lemma size_le_sum_mset:
  assumes "0 \<notin># M"
  shows "size M \<le> sum_mset (M :: nat multiset)"
proof -
  have "size M = (\<Sum>x\<in>#M. 1)" by (rule size_eq_sum_mset)
  also have "\<dots> \<le> (\<Sum>x\<in>#M. x)"
    by (rule sum_mset_mono) (use assms in \<open>auto simp: Suc_le_eq intro!: gr0I\<close>)
  finally show ?thesis by simp
qed

lemma finite_partitions:
  assumes "0 \<notin> A"
  shows "finite (partitions A n)"
proof (rule finite_subset)
  show "partitions A n \<subseteq> (\<Union>k\<le>n. multisets_of_size {..n} k)"
  proof
    fix M assume M: "M \<in> partitions A n"
    then have "0 \<notin># M" using assms by (auto simp: partitions_def)
    then have "size M \<le> n" using M size_le_sum_mset by (auto simp: partitions_def)
    moreover have "set_mset M \<subseteq> {..n}"
      using M by (auto simp: partitions_def dest!: multi_member_split)
    ultimately show "M \<in> (\<Union>k\<le>n. multisets_of_size {..n} k)"
      by (auto simp: multisets_of_size_def)
  qed
qed auto

lemma finite_distinct_partitions:
  "0 \<notin> A \<Longrightarrow> finite (distinct_partitions A n)"
  by (rule finite_subset[OF _ finite_partitions[of A n]])
    (auto simp: distinct_partitions_def partitions_def)

lemma count_Abs_multiset_comp:
  assumes "f 0 = 0"
  shows "count (Abs_multiset (\<lambda>a. f (count M a))) = (\<lambda>a. f (count M a))"
proof -
  have "{a. 0 < f (count M a)} \<subseteq> set_mset M"
    using assms by (metis (mono_tags) count_inI less_irrefl mem_Collect_eq subsetI)
  then show ?thesis by (intro count_Abs_multiset) (auto dest: finite_subset)
qed

definition mset_half :: "'a multiset \<Rightarrow> 'a multiset" where
  "mset_half M = Abs_multiset (\<lambda>a. count M a div 2)"

definition mset_odd_part :: "'a multiset \<Rightarrow> 'a multiset" where
  "mset_odd_part M = Abs_multiset (\<lambda>a. count M a mod 2)"

lemma count_mset_half [simp]: "count (mset_half M) a = count M a div 2"
  unfolding mset_half_def by (subst count_Abs_multiset_comp) auto

lemma count_mset_odd_part [simp]: "count (mset_odd_part M) a = count M a mod 2"
  unfolding mset_odd_part_def by (subst count_Abs_multiset_comp) auto

lemma mset_odd_part_plus_half: "mset_odd_part M + mset_half M + mset_half M = M"
  by (rule multiset_eqI) (simp, presburger)

lemma set_mset_half_subset: "set_mset (mset_half M) \<subseteq> set_mset M"
  by (auto simp flip: count_greater_zero_iff intro: gr0I)

lemma set_mset_odd_part_subset: "set_mset (mset_odd_part M) \<subseteq> set_mset M"
  by (auto simp flip: count_greater_zero_iff intro: gr0I)

lemma mset_odd_part_split:
  assumes "\<forall>x. count S x \<le> 1"
  shows "mset_odd_part (S + M + M) = S" and "mset_half (S + M + M) = M"
proof -
  have "(s + m + m) mod 2 = s \<and> (s + m + m) div 2 = m" if "s \<le> 1" for s m :: nat
    using that by presburger
  with assms show "mset_odd_part (S + M + M) = S" "mset_half (S + M + M) = M"
    by (auto intro!: multiset_eqI)
qed
definition chain_tableau :: "diagram \<Rightarrow> (nat \<Rightarrow> diagram) \<Rightarrow> (nat \<times> nat) \<Rightarrow> nat" where
  "chain_tableau D t c = (if c \<in> D then (LEAST k. c \<in> t k) else 0)"

lemma tableau_chain_sat:
  assumes y: "young D" and T: "T \<in> std_fillings D r"
  shows "tableau_chain D T \<in> sat_chains r D"
  unfolding sat_chains_def
proof (intro CollectI conjI allI impI)
  show "tableau_chain D T 0 = {}"
    unfolding tableau_chain_def using std_fillings_range[OF T] by (auto simp: not_less_eq_eq[symmetric])
  fix k
  show "young (tableau_chain D T k)"
    unfolding young_def tableau_chain_def
  proof (intro conjI allI impI)
    show "finite {c \<in> D. T c \<le> k}" using young_finite[OF y] by simp
    fix i j i' j' assume "(i, j) \<in> {c \<in> D. T c \<le> k}" "i' \<le> i" "j' \<le> j"
    then show "(i', j') \<in> {c \<in> D. T c \<le> k}"
      using youngD[OF y] std_fillings_mono[OF y T, of i j i' j'] by auto
  qed
  show "tableau_chain D T k = D" if "r \<le> k"
  proof -
    have "T c \<le> k" if "c \<in> D" for c using std_fillings_range[OF T that] \<open>r \<le> k\<close> by simp
    then show ?thesis unfolding tableau_chain_def by auto
  qed
  assume "k < r"
  then have "Suc k \<in> T ` D" using bij_betw_imp_surj_on[OF std_fillings_bij[OF T]] by auto
  then obtain a where a: "a \<in> D" "T a = Suc k" by (metis imageE)
  have "inj_on T D" using bij_betw_imp_inj_on[OF std_fillings_bij[OF T]] .
  have "{c\<in>D. T c = Suc k} = {a}"
  proof (intro equalityI subsetI)
    fix c assume "c \<in> {c\<in>D. T c = Suc k}"
    then have "c \<in> D" "T c = T a" using a by auto
    then show "c \<in> {a}" using inj_onD[OF \<open>inj_on T D\<close>] a(1) by blast
  qed (use a in simp)
  moreover have "{c\<in>D. T c \<le> Suc k} = {c\<in>D. T c \<le> k} \<union> {c\<in>D. T c = Suc k}"
    by (auto simp: le_Suc_eq)
  ultimately have "tableau_chain D T (Suc k) = insert a (tableau_chain D T k)"
    unfolding tableau_chain_def by simp
  moreover have "a \<notin> tableau_chain D T k" using a unfolding tableau_chain_def by simp
  ultimately show "\<exists>a. a \<notin> tableau_chain D T k \<and> tableau_chain D T (Suc k) = insert a (tableau_chain D T k)"
    by blast
qed

lemma chain_tableau_tableau_chain:
  assumes "T \<in> std_fillings D r"
  shows "chain_tableau D (tableau_chain D T) = T"
proof
  fix c
  show "chain_tableau D (tableau_chain D T) c = T c"
  proof (cases "c \<in> D")
    case True
    then show ?thesis
      unfolding chain_tableau_def tableau_chain_def by (auto intro: Least_equality)
  next
    case False
    then show ?thesis using std_fillings_zero[OF assms] unfolding chain_tableau_def by simp
  qed
qed

lemma chain_tableau_le_iff:
  assumes t: "t \<in> sat_chains r D" and c: "c \<in> D"
  shows "c \<in> t k \<longleftrightarrow> chain_tableau D t c \<le> k"
proof -
  have "c \<in> t r" using c sat_chains_last[OF t] by simp
  then have L: "c \<in> t (chain_tableau D t c)"
    unfolding chain_tableau_def using c LeastI[of "\<lambda>k. c \<in> t k"] by simp
  show ?thesis
  proof
    assume "c \<in> t k"
    then show "chain_tableau D t c \<le> k" unfolding chain_tableau_def using c by (simp add: Least_le)
  next
    assume "chain_tableau D t c \<le> k"
    then show "c \<in> t k" using sat_chains_mono[OF t] L by blast
  qed
qed

lemma tableau_chain_chain_tableau:
  assumes "t \<in> sat_chains r D"
  shows "tableau_chain D (chain_tableau D t) = t"
  unfolding tableau_chain_def using chain_tableau_le_iff[OF assms] sat_chains_subset[OF assms] by fastforce

lemma chain_tableau_eq_Suc_iff:
  assumes "t \<in> sat_chains r D" "c \<in> D"
  shows "chain_tableau D t c = Suc k \<longleftrightarrow> c \<in> t (Suc k) \<and> c \<notin> t k"
  using chain_tableau_le_iff[OF assms, of k] chain_tableau_le_iff[OF assms, of "Suc k"] by auto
========================
Filter the records above for lines containing the word "conjI", and copy those lines.

• **TASK ANSWER**
proof (intro CollectI conjI allI impI)
  proof (intro conjI allI impI)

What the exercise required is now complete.